Sean Swale/Human Thrombin Inhibitor

Reasons to develop another Thrombin Inhibitor

Thrombin is a serine protease that cleaves fibrinogen to allow fibrin to form stringy networks that trap red blood cells to form clots. Thrombin is a serine protease because it cleaves fibrinogen with its serine residue. Thrombin when made by the body is tethered to blood vessels so that it cannot cause clots throughout the body causing strokes and heart attacks. Additionally, thrombin is only activated for a few seconds to limit the clotted area to the injured area^[1]. However, when fibrin has accumulated at an injury site, sometimes it will break away and occlude a blood vessel which can cause stroke or heart attack. In order to prevent venous thrombosis, blood clots, after surgery or during dialysis when blood is in contact with artificial devices, Heparin is normally administered. Unfortunately Heparin is neutralized by plasma proteins in the blood, is less efficient for the inhibition of clot bound thrombin, and can trigger an enormous immune response. Antithrombotic drugs like Hirudin will be given if Heparin is not able to be tolerated or if the person receives regular dialysis. Hirudin administration require large doses to maintain proper inhibition of Thrombin which heavily taxes the body. Chemists have been working on designer drugs to increase selectivity and potency. One compound which has shown great selectivity and potency in vitro is inhibitor 65.^[2]

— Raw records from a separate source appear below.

lemma G_eqI:
  assumes "((\<lambda>n. e_harm p n * h_harm q n / real n ^ s) has_sum S) {1..}"
  shows "G s p q = S"
proof -
  define f where "f = (\<lambda>(ks, ls). mzv_ones_term p s ks * recip_prod ls)"
  have f_sum: "(f has_sum S) (G_index p q)"
  proof (rule has_sum_fibres_nonneg[where g = "\<lambda>(ks, ls). last ks" and B = "{1..}"])
    fix n :: nat assume "n \<in> {1..}"
    then have "(f has_sum e_harm p n / real n ^ s * h_harm q n)
        ({ks \<in> incr_tuples (Suc p). last ks = n} \<times> sorted_tuples_upto q n)"
      unfolding f_def
      by (intro has_sum_product_nonneg has_sum_mzv_ones_term_last h_harm_has_sum
          mzv_ones_term_nonneg recip_prod_nonneg) simp
    moreover have "{x \<in> G_index p q. (case x of (ks, ls) \<Rightarrow> last ks) = n} =
        {ks \<in> incr_tuples (Suc p). last ks = n} \<times> sorted_tuples_upto q n"
      by (auto simp: G_index_def sorted_tuples_upto_def)
    ultimately show "(f has_sum e_harm p n * h_harm q n / real n ^ s)
        {x \<in> G_index p q. (case x of (ks, ls) \<Rightarrow> last ks) = n}"
      by simp
  qed (use assms in \<open>auto simp: f_def G_index_def mzv_ones_term_nonneg recip_prod_nonneg
        elim: incr_tuples_SucE\<close>)
  have f_eq: "f x = (case x of (ks, ls) \<Rightarrow>
      1 / ((\<Prod>i<p. real (ks ! i)) * real (ks ! p) ^ s * (\<Prod>j<q. real (ls ! j))))"
    if "x \<in> G_index p q" for x
    using that by (auto simp: f_def mzv_ones_term_def recip_prod_def prod_dividef G_index_def)
  have "((\<lambda>(ks, ls). 1 / ((\<Prod>i<p. real (ks ! i)) * real (ks ! p) ^ s * (\<Prod>j<q. real (ls ! j))))
      has_sum S) (G_index p q)"
    using f_sum by (rule has_sum_cong[THEN iffD1, rotated]) (rule f_eq)
  then show ?thesis
    unfolding G_def by (rule infsumI)
qed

Phe-Pro-p-amidinobenzylamine

An early experiment to find a better thrombin inhibitor yielded a structure that was able to bond to the P1 and P2 sites of Thrombin effectively. In 1996 Lilly research laboratories created D-Phe-Pro-p-amidinobenzylamine by making improvements on the previous structure D-Phe-Pro-Agmatine. The new compound they created bonded to thrombin 130x more than it did to trypsin (also a serine protease), and it was highly selective of thrombin over fibrinolytic enzymes which break down fibrin clots. The inhibitor bound with Thrombin at rates 26,000x greater than with plasmin,^[3], 170,000x greater than with t-Pa, and 400,000x greater than with urokinase.

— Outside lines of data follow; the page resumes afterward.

lemma Fm_in: "j \<le> i \<Longrightarrow> a \<in> F j \<Longrightarrow> Fm j i a \<in> F i"
  using functor_F unfolding is_module_functor_def by auto

lemma Fm_add: "j \<le> i \<Longrightarrow> a \<in> F j \<Longrightarrow> b \<in> F j \<Longrightarrow> Fm j i (a + b) = Fm j i a + Fm j i b"
  using functor_F unfolding is_module_functor_def by auto

lemma Fm_scale: "j \<le> i \<Longrightarrow> a \<in> F j \<Longrightarrow> Fm j i (s c a) = s c (Fm j i a)"
  using functor_F unfolding is_module_functor_def by auto

lemma Fm_id: "a \<in> F i \<Longrightarrow> Fm i i a = a"
  using functor_F unfolding is_module_functor_def by auto

lemma Fm_comp: "j \<le> k \<Longrightarrow> k \<le> i \<Longrightarrow> a \<in> F j \<Longrightarrow> Fm k i (Fm j k a) = Fm j i a"
  using functor_F unfolding is_module_functor_def by auto

lemma Fm_zero: "j \<le> i \<Longrightarrow> Fm j i 0 = 0"
  using Fm_add[of j i 0 0] by simp

lemma Fm_neg: "j \<le> i \<Longrightarrow> a \<in> F j \<Longrightarrow> Fm j i (- a) = - Fm j i a"
  using minus_unique[of "Fm j i a" "Fm j i (- a)"] Fm_add[of j i a "- a"]
  by (simp add: F_neg Fm_zero)

lemma module_fscale: "module (fscale s :: 'r \<Rightarrow> ('p \<Rightarrow> 'm) \<Rightarrow> 'p \<Rightarrow> 'm)"
  using scalar_module unfolding module_def fscale_def by (auto simp: fun_eq_iff)

lemma dsum_below_zero: "0 \<in> dsum_below F i"
  by (simp add: dsum_below_def)

lemma dsum_below_add:
  assumes "x \<in> dsum_below F i" "y \<in> dsum_below F i"
  shows "x + y \<in> dsum_below F i"
proof -
  have "{l. (x + y) l \<noteq> 0} \<subseteq> {l. x l \<noteq> 0} \<union> {l. y l \<noteq> 0}"
    by auto
  with assms show ?thesis
    unfolding dsum_below_def by (auto intro: F_add finite_subset)
qed

lemma dsum_below_neg: "x \<in> dsum_below F i \<Longrightarrow> - x \<in> dsum_below F i"
  unfolding dsum_below_def by (simp add: F_neg)

lemma dsum_below_diff: "x \<in> dsum_below F i \<Longrightarrow> y \<in> dsum_below F i \<Longrightarrow> x - y \<in> dsum_below F i"
  using dsum_below_add[of x i "- y"] dsum_below_neg[of y i] by simp

lemma dsum_below_sum_list: "(\<And>v. v \<in> set vs \<Longrightarrow> v \<in> dsum_below F i) \<Longrightarrow> sum_list vs \<in> dsum_below F i"
  by (induction vs) (auto intro: dsum_below_zero dsum_below_add)

lemma single_at_in_dsum_below: "j < i \<Longrightarrow> a \<in> F j \<Longrightarrow> single_at j a \<in> dsum_below F i"
  unfolding dsum_below_def by (auto simp: single_at_apply intro: finite_subset[of _ "{j}"])

lemma dsum_below_support:
  assumes "x \<in> dsum_below F i"
  shows "finite {l. x l \<noteq> 0}" and "{l. x l \<noteq> 0} \<subseteq> {l. l < i}"
  using assms unfolding dsum_below_def by auto

lemma dsum_map_eq_sum:
  assumes "finite S" "{l. x l \<noteq> 0} \<subseteq> S" "S \<subseteq> {l. l \<le> i}"
  shows "dsum_map Fm i x = (\<Sum>l\<in>S. Fm l i (x l))"
  unfolding dsum_map_def
  by (rule sum.mono_neutral_left) (use assms in \<open>auto simp: Fm_zero\<close>)

lemma dsum_below_restrict:
  assumes "finite J" "J \<subseteq> {j. j < i}" "\<forall>j\<in>J. x j \<in> F j"
  shows "(\<lambda>l. if l \<in> J then x l else 0) \<in> dsum_below F i"
    and "dsum_map Fm i (\<lambda>l. if l \<in> J then x l else 0) = (\<Sum>j\<in>J. Fm j i (x j))"
proof -
  have "{l. (if l \<in> J then x l else 0) \<noteq> 0} \<subseteq> J"
    by auto
  with assms show "(\<lambda>l. if l \<in> J then x l else 0) \<in> dsum_below F i"
    unfolding dsum_below_def by (auto intro: finite_subset)
  from \<open>{l. (if l \<in> J then x l else 0) \<noteq> 0} \<subseteq> J\<close> assms
  show "dsum_map Fm i (\<lambda>l. if l \<in> J then x l else 0) = (\<Sum>j\<in>J. Fm j i (x j))"
    by (subst dsum_map_eq_sum[of J]) auto
qed

lemma dsum_map_add:
  assumes "x \<in> dsum_below F i" "y \<in> dsum_below F i"
  shows "dsum_map Fm i (x + y) = dsum_map Fm i x + dsum_map Fm i y"
proof -
  let ?S = "{l. x l \<noteq> 0} \<union> {l. y l \<noteq> 0}"
  have S: "finite ?S" "?S \<subseteq> {l. l \<le> i}"
    using dsum_below_support[OF assms(1)] dsum_below_support[OF assms(2)]
    by (auto intro: less_imp_le)
  have "dsum_map Fm i (x + y) = (\<Sum>l\<in>?S. Fm l i (x l + y l))"
    using S by (subst dsum_map_eq_sum[of ?S]) auto
  also have "\<dots> = (\<Sum>l\<in>?S. Fm l i (x l) + Fm l i (y l))"
    using S assms unfolding dsum_below_def by (intro sum.cong) (auto simp: Fm_add)
  also have "\<dots> = dsum_map Fm i x + dsum_map Fm i y"
    using S by (simp add: sum.distrib dsum_map_eq_sum[of ?S])
  finally show ?thesis .
qed
text \<open>
  Let \<open>\<zeta>\<close> be a primitive 13th root of unity in the complex subfield \<open>\<real> + \<real>i\<close> of the
  quaternions and \<open>\<omega> = (-1 - i - j - k)/2\<close>, a unit of order 3 whose conjugation action permutes
  \<open>i, j, k\<close> cyclically. Put \<open>x t = (\<zeta>^t, \<zeta>^(3t) \<omega>, \<zeta>^(9t) \<omega>\<^sup>2) / \<surd>3\<close> for \<open>t\<close> modulo 13.
  Because \<open>\<omega>\<close> moves the second and third coordinates into the \<open>k\<close> and \<open>j\<close> directions,
  \<open>|\<langle>x s, x t\<rangle>|\<^sup>2 = (3 + 2 \<Sigma> cos(a\<alpha>) cos(b\<alpha>)) / 9\<close> with \<open>\<alpha> = 2\<pi>(t - s)/13\<close> and the sum over
  pairs \<open>a < b\<close> in the subgroup \<open>{1, 3, 9}\<close> of units mod 13. Product-to-sum turns that sum into
  half the sum of the nontrivial 13th roots of unity, i.e. \<open>-1/4\<close>, so every inner product has
  \<open>|\<langle>x s, x t\<rangle>|\<^sup>2 = 5/18 = (13 - 3) / (3 (13 - 1))\<close>. Since \<open>27 \<equiv> 1 (mod 13)\<close>, the cyclic shift
  sends \<open>x t\<close> to \<open>x (3t) \<omega>\<close>, which spans the same quaternionic line as \<open>x (3t)\<close>.
\<close>

lemma sum_cos_multiples:
  "2 * sin (a/2) * (\<Sum>j<n. cos (real j * a)) = sin ((2 * real n - 1) * a / 2) + sin (a/2)"
proof (induction n)
  case 0
  then show ?case by simp
next
  case (Suc n)
  have half_plus: "a/2 + real n * a = (2 * real n + 1) * a / 2"
    and half_minus: "a/2 - real n * a = - ((2 * real n - 1) * a / 2)"
    by (simp_all add: field_simps)
  have "2 * sin (a/2) * cos (real n * a) = sin ((2 * real n + 1) * a / 2) - sin ((2 * real n - 1) * a / 2)"
    using sin_times_cos[of "a/2" "real n * a"] unfolding half_plus half_minus sin_minus by simp
  then show ?case using Suc by (simp add: algebra_simps)
qed
(* Let $J\subseteq[n-1]$ with decomposition $J=J_1\sqcup\cdots\sqcup J_m$ into maximal sets of consecutive integers, and put $n_k=|J_k|+1$. Then $X_J\cong\prod_{k=1}^m\mathrm{Pet}_{n_k}$ as varieties.
   Context: $Fl_n=GL_n(\mathbb C)/B$ is the full flag variety of $\mathbb C^n$ and $X_w=\overline{BwB/B}$ the Schubert variety of $w\in\mathfrak S_n$. For any $r\ge2$, $\mathrm{Pet}_r=\{V_\bullet\in Fl_r: N_rV_i\subseteq V_{i+1},\ 1\le i\le r-1\}$ where $N_r$ is the $r\times r$ nilpotent Jordan block ($N_re_1=0$, $N_re_i=e_{i-1}$); $\mathrm{Pet}_1$ is a point. For $J\subseteq[n-1]$, $w_J$ is the longest element of the subgroup of $\mathfrak S_n$ generated by $\{s_i:i\in J\}$ and $X_J=X_{w_J}\cap\mathrm{Pet}_n$. *)

theory Defs
  imports Complex_Main
begin

text \<open>Square complex matrices of size n are functions nat => nat => complex vanishing
outside the index range {..<n} x {..<n} (0-indexed; row/column i here is i+1 in the paper).\<close>

definition mats :: "nat \<Rightarrow> (nat \<Rightarrow> nat \<Rightarrow> complex) set" where
  "mats n = {g. \<forall>i j. (n \<le> i \<or> n \<le> j) \<longrightarrow> g i j = 0}"

definition mmult :: "nat \<Rightarrow> (nat \<Rightarrow> nat \<Rightarrow> complex) \<Rightarrow> (nat \<Rightarrow> nat \<Rightarrow> complex) \<Rightarrow> (nat \<Rightarrow> nat \<Rightarrow> complex)" where
  "mmult n A B = (\<lambda>i j. if i < n \<and> j < n then (\<Sum>l<n. A i l * B l j) else 0)"

definition idm :: "nat \<Rightarrow> nat \<Rightarrow> nat \<Rightarrow> complex" where
  "idm n = (\<lambda>i j. if i < n \<and> j < n \<and> i = j then 1 else 0)"

definition GL :: "nat \<Rightarrow> (nat \<Rightarrow> nat \<Rightarrow> complex) set" where
  "GL n = {g \<in> mats n. \<exists>h \<in> mats n. mmult n g h = idm n}"

definition Bor :: "nat \<Rightarrow> (nat \<Rightarrow> nat \<Rightarrow> complex) set" where
  "Bor n = {b \<in> GL n. \<forall>i j. j < i \<longrightarrow> b i j = 0}"

definition flag_of :: "nat \<Rightarrow> (nat \<Rightarrow> nat \<Rightarrow> complex) \<Rightarrow> (nat \<Rightarrow> nat \<Rightarrow> complex) set" where
  "flag_of n g = {mmult n g b | b. b \<in> Bor n}"

definition Fl :: "nat \<Rightarrow> (nat \<Rightarrow> nat \<Rightarrow> complex) set set" where
  "Fl n = flag_of n ` GL n"

definition fspace :: "nat \<Rightarrow> (nat \<Rightarrow> nat \<Rightarrow> complex) set \<Rightarrow> nat \<Rightarrow> (nat \<Rightarrow> complex) set" where
  "fspace n F i = {v. \<exists>g \<in> F. \<exists>c. v = (\<lambda>a. if a < n then (\<Sum>j<i. c j * g a j) else 0)}"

Its selectivity was gained by binding its nitrogens on the benzamidine group by hydrogen bonding to Asp 189, and by fitting its benzamidine benzene into a hydrophobic pocket with Ser 214-Glu 217 and Asp 189-Glu 192 on the other side. The proline residue is in another hydrophobic pocket made up of His 57, Tyr 60A, Leu 99, and Trp 60D. The rest of this structure is unimportant on review of inhibitor 65 because only the amidinobenzylamine which occupies R1 and the proline which occupies the R2 sit are the same residues on inhibitor 65.^[4]

P3 and P4 of Inhibitor 65

Inhibitor 65 additionally has a P4 sulfonyl group with a methoxy group at the end of the residue. It sits in tight VanderWaals structure with the surrounding residues Leu 99, Tyr 60A, Arg 97, Glu 97, and Asn 98.Additionally, the chlorine points to the carbonyl oxygen of Asn 98 and there is a weak Cl-π bond with Trp 215. For the P3 residue, there the backbone of asparagine forms and anti parallel beta sheet with Gly 216. The alkylated asparagine’s NH binds to water which then connects to Glu 192, and the NH of Gly 219 and Gly 216.

a) Stereo view of the complete inhibitor structure provided with its electron density in the active site of thrombin. Thrombin is shown with its solvent- accessible surface. b) The P4 sulfonyl residue is located in the aryl binding pocket. The chlorine atom points to the carbonyl oxygen of Asn 98 and accommodates a position above the indole moiety of Trp 215. The methoxy group perfectly fills the upper niche of the S3/4 pocket. c) The P3 side chain is directed into the solvent, where its amide NH binds via a bridging water molecule to Glu 192, Gly 216 and Gly 219.